#### Task goal
Look for the word "with" in the material below, then report each line where it occurs.

#### Entries supplied
§

(* Let $(M,g)$ and $(N,h)$ be Riemannian manifolds, $\dim M=m$, and $f:M\to N$ a smooth map such that $\tilde g=g-f^*h$ is positive definite. Let $b:M\to[0,1)$ be the largest eigenvalue of $f^*h$ with respect to $g$. Let $X_1,\dots,X_m$ be a local $g$-orthonormal frame, $\tilde g_{ij}=g(X_i,X_j)-h(df(X_i),df(X_j))$ with inverse $(\tilde g^{ij})$, and define \[ W=\mathrm{trace}_{g-f^*h}(\nabla df)=\sum_{i,j}\tilde g^{ij}\nabla df(X_i,X_j)\in C^\infty(f^{-1}TN),\qquad Z=\sum_{i,j}\tilde g^{ij}h(W,df(X_i))X_j\in C^\infty(TM). \] Then $\|Z\|\leq \frac{\sqrt b}{1-b}\|W\|$ and $\|W\|\leq\frac{\sqrt m}{1-b}\|\nabla df\|$.
   Context: $\nabla df$ is the second fundamental form of $f$ (computed with the Levi-Civita connections of $g$ and $h$), with norm $\|\nabla df\|^2=\sum_{i,j}h(\nabla df(X_i,X_j),\nabla df(X_i,X_j))$; norms of $Z$ and $W$ are taken with respect to $g$ and $h$ respectively. *)

theory Defs
  imports "HOL-Analysis.Analysis"
begin

text \<open>Pointwise setting. The index type 'm enumerates a g-orthonormal frame
X_1..X_m of T_pM (so m = CARD('m)); vectors of T_pM are identified with their
frame coordinates in real^'m, and then g becomes the standard inner product.
The fibre T_{f(p)}N with metric h is a finite-dimensional inner product space 'b.
dF i = df(X_i), D i j = (nabla df)(X_i,X_j).\<close>

definition pullback_matrix :: "('m::finite \<Rightarrow> 'b::real_inner) \<Rightarrow> real^'m^'m" where
  "pullback_matrix dF = (\<chi> i j. dF i \<bullet> dF j)"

§

#### Solved problem
(* Let $(M,g)$ and $(N,h)$ be Riemannian manifolds, $\dim M=m$, and $f:M\to N$ a smooth map such that $\tilde g=g-f^*h$ is positive definite. Let $b:M\to[0,1)$ be the largest eigenvalue of $f^*h$ with respect to $g$. Let $X_1,\dots,X_m$ be a local $g$-orthonormal frame, $\tilde g_{ij}=g(X_i,X_j)-h(df(X_i),df(X_j))$ with inverse $(\tilde g^{ij})$, and define \[ W=\mathrm{trace}_{g-f^*h}(\nabla df)=\sum_{i,j}\tilde g^{ij}\nabla df(X_i,X_j)\in C^\infty(f^{-1}TN),\qquad Z=\sum_{i,j}\tilde g^{ij}h(W,df(X_i))X_j\in C^\infty(TM). \] Then $\|Z\|\leq \frac{\sqrt b}{1-b}\|W\|$ and $\|W\|\leq\frac{\sqrt m}{1-b}\|\nabla df\|$.
   Context: $\nabla df$ is the second fundamental form of $f$ (computed with the Levi-Civita connections of $g$ and $h$), with norm $\|\nabla df\|^2=\sum_{i,j}h(\nabla df(X_i,X_j),\nabla df(X_i,X_j))$; norms of $Z$ and $W$ are taken with respect to $g$ and $h$ respectively. *)
X_1..X_m of T_pM (so m = CARD('m)); vectors of T_pM are identified with their
The fibre T_{f(p)}N with metric h is a finite-dimensional inner product space 'b.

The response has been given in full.